To build a tiny image feature, simply resize the original image to a very small square resolution, e.g. 16x16. You can either resize the images to square while ignoring their aspect ratio or you can crop the center square portion out of each image. Making the tiny images zero mean and unit length (normalizing them) will increase performance modestly.
image = imresize(image, [d, d]);
image = reshape(image, [1, d * d]);
image = image - mean(image);
image_normalized = image / norm(image);
Bag of SIFT representation
Because of the alignment problem of tiny images representation, it is time to move on to a more sophisticated image representation -- bags of quantized SIFT features.Before we can represent our training and testing images as bag of feature histograms, we first need to establish a vocabulary of visual words.This vocabulary is formed by sampling many local features from the training set and then clustering them with kmeans.
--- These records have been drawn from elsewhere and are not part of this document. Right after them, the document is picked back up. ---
lemma index_mult_left:
  assumes p: "p < d" and M: "M \<in> carrier_mat n c" and i: "i < n" and l: "l < c"
  shows "(P p * M) $$ (i, l) = P p $$ (i, i) * M $$ (i, l)"
proof -
  have "(P p * M) $$ (i, l) = (\<Sum>m<n. P p $$ (i, m) * M $$ (m, l))"
    using assms carrier by (intro index_mult_mat_lessThan) auto
  also have "\<dots> = (\<Sum>m<n. if m = i then P p $$ (i, i) * M $$ (i, l) else 0)"
    using p i offdiag_eq_0 by (intro sum.cong) auto
  finally show ?thesis using i by simp
qed

text \<open>\<open>tail_sum a\<close> is the diagonal matrix \<open>P a + \<dots> + P (d - 1)\<close>.\<close>

definition tail_sum :: "nat \<Rightarrow> real mat" where
  "tail_sum a = mat n n (\<lambda>(i, l). if i = l then (\<Sum>p\<in>{a..<d}. P p $$ (i, i)) else 0)"

lemma tail_sum_carrier [simp]: "tail_sum a \<in> carrier_mat n n"
  by (simp add: tail_sum_def)

lemma index_tail_sum_mult:
  assumes c: "c < d" and M: "M \<in> carrier_mat n k" and r: "r < n" and s: "s < k"
  shows "(tail_sum a * (P c * M)) $$ (r, s) = (if a \<le> c then (P c * M) $$ (r, s) else 0)"
proof -
  have PM: "P c * M \<in> carrier_mat n k" using carrier[OF c] M by auto
  have "(tail_sum a * (P c * M)) $$ (r, s) = (\<Sum>m<n. tail_sum a $$ (r, m) * (P c * M) $$ (m, s))"
    using PM r s by (intro index_mult_mat_lessThan) auto
  also have "\<dots> = (\<Sum>p\<in>{a..<d}. P p $$ (r, r) * P c $$ (r, r)) * M $$ (r, s)"
    using r index_mult_left[OF c M r s]
    by (simp add: tail_sum_def if_distrib[of "\<lambda>x. x * _"] sum_distrib_right mult.assoc cong: if_cong)
  also have "(\<Sum>p\<in>{a..<d}. P p $$ (r, r) * P c $$ (r, r)) = (if a \<le> c then P c $$ (r, r) else 0)"
    using c r by (simp add: diag_mult_diag)
  finally show ?thesis using index_mult_left[OF c M r s] by simp
qed

lemma index_mult_mult_left:
  assumes p: "p < d" and "M \<in> carrier_mat n k" "N \<in> carrier_mat k c" and "i < n" "l < c"
  shows "(P p * M * N) $$ (i, l) = P p $$ (i, i) * (M * N) $$ (i, l)"
proof -
  have "P p * M * N = P p * (M * N)" using assms carrier[OF p] by (intro assoc_mult_mat) auto
  moreover have "M * N \<in> carrier_mat n c" using assms by auto
  ultimately show ?thesis using assms by (simp only: index_mult_left)
qed

end

locale identity_partition_splitting = identity_partition +
  fixes B :: "real mat"
  assumes B_carrier: "B \<in> carrier_mat n n"
begin

abbreviation G :: "nat \<Rightarrow> real mat" where
  "G \<equiv> prod_factors n P B"

lemma splitting_component_carrier [simp]: "p < d \<Longrightarrow> P p * B \<in> carrier_mat n n"
  using carrier[of p] B_carrier by auto

lemma prod_factors_carrier: "k \<le> d \<Longrightarrow> G k \<in> carrier_mat n n"
proof (induction k)
  case (Suc k)
  then show ?case using carrier[of k] B_carrier by auto
qed simp

lemma index_prod_factors_Suc:
  assumes k: "k < d" and i: "i < n" and l: "l < n"
  shows "G (Suc k) $$ (i, l) = P k $$ (i, i) * (B * G k) $$ (i, l) + (1 - P k $$ (i, i)) * G k $$ (i, l)"
proof -
  have Gk: "G k \<in> carrier_mat n n" using k prod_factors_carrier by simp
  have "G (Suc k) $$ (i, l) = (\<Sum>m<n. (P k * B + 1\<^sub>m n - P k) $$ (i, m) * G k $$ (m, l))"
    unfolding prod_factors.simps using carrier[OF k] B_carrier Gk i l
    by (intro index_mult_mat_lessThan) auto
  also have "\<dots> = (\<Sum>m<n. P k $$ (i, i) * (B $$ (i, m) * G k $$ (m, l))
      + (if m = i then (1 - P k $$ (i, i)) * G k $$ (i, l) else 0))"
    using carrier[OF k] B_carrier i offdiag_eq_0[OF k i] index_mult_left[OF k B_carrier i]
    by (intro sum.cong) (auto simp: algebra_simps)
  also have "\<dots> = P k $$ (i, i) * (B * G k) $$ (i, l) + (1 - P k $$ (i, i)) * G k $$ (i, l)"
    unfolding index_mult_mat_lessThan[OF B_carrier Gk i l] using i by (simp add: sum.distrib sum_distrib_left)
  finally show ?thesis .
qed

lemma diag_mult_prod_factors:
  assumes j: "j < d" and k: "k \<le> d" and i: "i < n" and l: "l < n"
  shows "P j $$ (i, i) * G k $$ (i, l)
    = (if j < k then P j $$ (i, i) * (B * G j) $$ (i, l) else P j $$ (i, i) * 1\<^sub>m n $$ (i, l))"
  using k
proof (induction k)
  case (Suc k)
  then have "k < d" by simp
  have "P j $$ (i, i) * G (Suc k) $$ (i, l)
      = P j $$ (i, i) * P k $$ (i, i) * (B * G k) $$ (i, l)
        + (P j $$ (i, i) - P j $$ (i, i) * P k $$ (i, i)) * G k $$ (i, l)"
    unfolding index_prod_factors_Suc[OF \<open>k < d\<close> i l] by (simp add: algebra_simps)
  also have "\<dots> = (if j = k then P j $$ (i, i) * (B * G k) $$ (i, l) else P j $$ (i, i) * G k $$ (i, l))"
    using diag_mult_diag[OF j \<open>k < d\<close> i] by auto
  finally show ?case using Suc by auto
qed simp

lemma index_prod_factors:
  assumes a: "a \<le> d" and r: "r < n" and l: "l < n"
  shows "G a $$ (r, l) = tail_sum a $$ (r, l) + (\<Sum>b<a. P b $$ (r, r) * (B * G b) $$ (r, l))"
proof -
  have "G a $$ (r, l) = (\<Sum>p<d. P p $$ (r, r) * G a $$ (r, l))"
    using sum_diag[OF r] by (simp add: sum_distrib_right[symmetric])
  also have "\<dots> = (\<Sum>p<a. P p $$ (r, r) * G a $$ (r, l)) + (\<Sum>p\<in>{a..<d}. P p $$ (r, r) * G a $$ (r, l))"
    using a by (simp add: lessThan_atLeast0 sum.atLeastLessThan_concat)
  also have "(\<Sum>p<a. P p $$ (r, r) * G a $$ (r, l)) = (\<Sum>b<a. P b $$ (r, r) * (B * G b) $$ (r, l))"
    using a r l by (intro sum.cong) (auto simp: diag_mult_prod_factors)
  also have "(\<Sum>p\<in>{a..<d}. P p $$ (r, r) * G a $$ (r, l)) = tail_sum a $$ (r, l)"
    using a r l by (simp add: diag_mult_prod_factors tail_sum_def sum_distrib_right[symmetric])
  finally show ?thesis by simp
qed

lemma blockU_eq_block_col_mult_block_row:
  "blockU n d (\<lambda>p. P p * B) = block_col n d n tail_sum * block_row n n d (\<lambda>p. P p * B)"
proof (rule eq_matI)
  fix i j assume "i < dim_row (block_col n d n tail_sum * block_row n n d (\<lambda>p. P p * B))"
    and "j < dim_col (block_col n d n tail_sum * block_row n n d (\<lambda>p. P p * B))"
  then have i: "i < d * n" and j: "j < d * n" by auto
  note bounds = block_index_bounds[OF i] block_index_bounds[OF j]
  have "(block_col n d n tail_sum * block_row n n d (\<lambda>p. P p * B)) $$ (i, j)
      = (tail_sum (i div n) * (P (j div n) * B)) $$ (i mod n, j mod n)"
    using i j carrier B_carrier by (intro index_block_col_mult_block_row) auto
  also have "\<dots> = blockU n d (\<lambda>p. P p * B) $$ (i, j)"
    using i j bounds B_carrier by (simp add: index_tail_sum_mult blockU_def)
  finally show "blockU n d (\<lambda>p. P p * B) $$ (i, j)
      = (block_col n d n tail_sum * block_row n n d (\<lambda>p. P p * B)) $$ (i, j)" ..
qed auto

lemma one_minus_blockL_mult_block_col:
  "(1\<^sub>m (d * n) - blockL n d (\<lambda>p. P p * B)) * block_col n d n G = block_col n d n tail_sum"
proof -
  let ?L = "blockL n d (\<lambda>p. P p * B)" and ?Z = "block_col n d n G"
  have "(1\<^sub>m (d * n) - ?L) * ?Z = ?Z - ?L * ?Z"
    by (subst minus_mult_distrib_mat[of _ "d * n" "d * n" _ _ n]) auto
  also have "\<dots> = block_col n d n tail_sum"
  proof (rule eq_matI)
    fix i l assume "i < dim_row (block_col n d n tail_sum)" "l < dim_col (block_col n d n tail_sum)"
    then have i: "i < d * n" and l: "l < n" by auto
    note bounds = block_index_bounds[OF i]
    have "(?L * ?Z) $$ (i, l) = (\<Sum>b < i div n. (P b * B * G b) $$ (i mod n, l))"
      using i l carrier B_carrier prod_factors_carrier by (intro index_blockL_mult_block_col) auto
    also have "\<dots> = (\<Sum>b < i div n. P b $$ (i mod n, i mod n) * (B * G b) $$ (i mod n, l))"
      using l bounds B_carrier prod_factors_carrier by (intro sum.cong refl index_mult_mult_left) auto
    finally have LZ: "(?L * ?Z) $$ (i, l) = \<dots>" .
    have "(?Z - ?L * ?Z) $$ (i, l) = ?Z $$ (i, l) - (?L * ?Z) $$ (i, l)"
      using i l by (intro index_minus_mat) auto
    also have "?Z $$ (i, l) = G (i div n) $$ (i mod n, l)" using i l by (simp add: block_col_def)
    also note LZ
    also have "G (i div n) $$ (i mod n, l)
        - (\<Sum>b < i div n. P b $$ (i mod n, i mod n) * (B * G b) $$ (i mod n, l))
        = tail_sum (i div n) $$ (i mod n, l)"
      using bounds l by (simp add: index_prod_factors)
    also have "\<dots> = block_col n d n tail_sum $$ (i, l)" using i l by (simp add: block_col_def)
    finally show "(?Z - ?L * ?Z) $$ (i, l) = block_col n d n tail_sum $$ (i, l)" .
  qed auto
  finally show ?thesis .
qed

lemma block_row_mult_block_col:
  "block_row n n d (\<lambda>p. P p * B) * block_col n d n G = G d"
proof (rule eq_matI)
  fix i l assume "i < dim_row (G d)" "l < dim_col (G d)"
  then have i: "i < n" and l: "l < n" using prod_factors_carrier[of d] by auto
  have "(block_row n n d (\<lambda>p. P p * B) * block_col n d n G) $$ (i, l)
      = (\<Sum>b<d. (P b * B * G b) $$ (i, l))"
    using i l carrier B_carrier prod_factors_carrier by (intro index_block_row_mult_block_col) auto
  also have "\<dots> = (\<Sum>b<d. P b $$ (i, i) * (B * G b) $$ (i, l))"
    using i l B_carrier prod_factors_carrier by (intro sum.cong refl index_mult_mult_left) auto
  also have "\<dots> = (\<Sum>b<d. P b $$ (i, i) * G d $$ (i, l))"
    using i l by (intro sum.cong) (auto simp: diag_mult_prod_factors)
  also have "\<dots> = G d $$ (i, l)"
    using sum_diag[OF i] by (simp add: sum_distrib_right[symmetric])
  finally show "(block_row n n d (\<lambda>p. P p * B) * block_col n d n G) $$ (i, l) = G d $$ (i, l)" .
qed (use prod_factors_carrier[of d] in auto)

lemma iteration_mat_eq_block_col_mult_block_row:
  "iteration_mat n d (\<lambda>p. P p * B) = block_col n d n G * block_row n n d (\<lambda>p. P p * B)"
proof -
  let ?A = "1\<^sub>m (d * n) - blockL n d (\<lambda>p. P p * B)"
    and ?Z = "block_col n d n G" and ?Y = "block_row n n d (\<lambda>p. P p * B)"
  define S where "S = the (mat_inverse ?A)"
  have A: "?A \<in> carrier_mat (d * n) (d * n)" by (intro minus_carrier_mat) simp
  note inverse = the_mat_inverse[OF A, unfolded det_one_minus_blockL S_def[symmetric], simplified]
  have "iteration_mat n d (\<lambda>p. P p * B) = S * (?A * ?Z * ?Y)"
    unfolding iteration_mat_def S_def blockU_eq_block_col_mult_block_row one_minus_blockL_mult_block_col ..
  also have "?A * ?Z * ?Y = ?A * (?Z * ?Y)" using A by (intro assoc_mult_mat) auto
  also have "S * (?A * (?Z * ?Y)) = S * ?A * (?Z * ?Y)" using A inverse by (intro assoc_mult_mat[symmetric]) auto
  also have "\<dots> = ?Z * ?Y" using inverse by simp
  finally show ?thesis .
qed

end

theorem proposition5p1:
  fixes n d :: nat and BJ :: "real mat" and P :: "nat \<Rightarrow> real mat"
  assumes "1 \<le> d" and "d \<le> n"
    and "BJ \<in> carrier_mat n n"
    and "\<forall>p<d. P p \<in> carrier_mat n n"
    and "\<forall>p<d. \<forall>i<n. \<forall>j<n. P p $$ (i,j) \<in> {0,1}"
    and "\<forall>p<d. P p \<noteq> 0\<^sub>m n n"
    and "\<forall>i<n. \<forall>j<n. (\<Sum>p<d. P p $$ (i,j)) = (1\<^sub>m n :: real mat) $$ (i,j)"
    and "\<forall>p<d. P p * BJ \<noteq> 0\<^sub>m n n"
  shows "nonzero_eigenvalues (prod_factors n P BJ d)
       = nonzero_eigenvalues (iteration_mat n d (\<lambda>p. P p * BJ))"
  \<comment> \<open>The nonvanishing hypotheses (and \<open>1 \<le> d \<le> n\<close>) only make \<open>(P p * BJ)\<^sub>p\<close> a genuine
    splitting; the identity \<open>T = Z Y\<close>, \<open>\<P> = Y Z\<close> holds without them.\<close>
proof -
  interpret identity_partition_splitting n d P BJ
    using assms by unfold_locales auto
  show ?thesis
    unfolding iteration_mat_eq_block_col_mult_block_row block_row_mult_block_col[symmetric]
    by (rule nonzero_eigenvalues_mult_swap) auto
qed

end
nImage = size(image_paths, 1);
nEachImageFeature = ceil(vocab_size * 50 / nImage);
ImageFeatures = zeros(128, nEachImageFeature * nImage);
for i = 1 : nImage
fprintf('building vocabulary from image %d\n', i);
image_name = image_paths{ i };
image = im2single(imread(image_name));
[~, SIFT_features] = vl_dsift(image, 'step', 10, 'fast');
index = randsample(size(SIFT_features, 2), nEachImageFeature);
ImageFeatures(:, (i - 1) * nEachImageFeature + 1 : i * nEachImageFeature) = SIFT_features(:, index);
end
[centers, ~] = vl_kmeans(single(ImageFeatures), vocab_size);
vocab = centers';
Now we are ready to represent our training and testing images as histograms of visual words. For each image we will densely sample many SIFT descriptors. Instead of storing hundreds of SIFT descriptors, we simply count how many SIFT descriptors fall into each cluster in our visual word vocabulary. This is done by finding the nearest neighbor kmeans centroid for every SIFT feature.
load('vocab.mat')
vocab_size = size(vocab, 1);
nImage = size(image_paths, 1);
image_feats = zeros(nImage, vocab_size);
for i = 1 : nImage
fprintf('get bags of sift from image %d\n', i);
image_name = image_paths{ i };
image = im2single(imread(image_name));
[~, SIFT_features] = vl_dsift(image, 'step', 10, 'fast');
D = vl_alldist2(vocab', single(SIFT_features));
for j = 1 : size(SIFT_features, 2)
[~, index] = min(D(:, j));
image_feats(i, index) = image_feats(i, index) + 1;
end
image_feats(i, :) = image_feats(i, :) / norm(image_feats(i, :));
end
Nearest Neighbor Classifier
When tasked with classifying a test feature into a particular category, one simply finds the "nearest" training example (L2 distance is a sufficient metric) and assigns the test case the label of that nearest training example. The nearest neighbor classifier has many desirable features -- it requires no training, it can learn arbitrarily complex decision boundaries, and it trivially supports multiclass problems.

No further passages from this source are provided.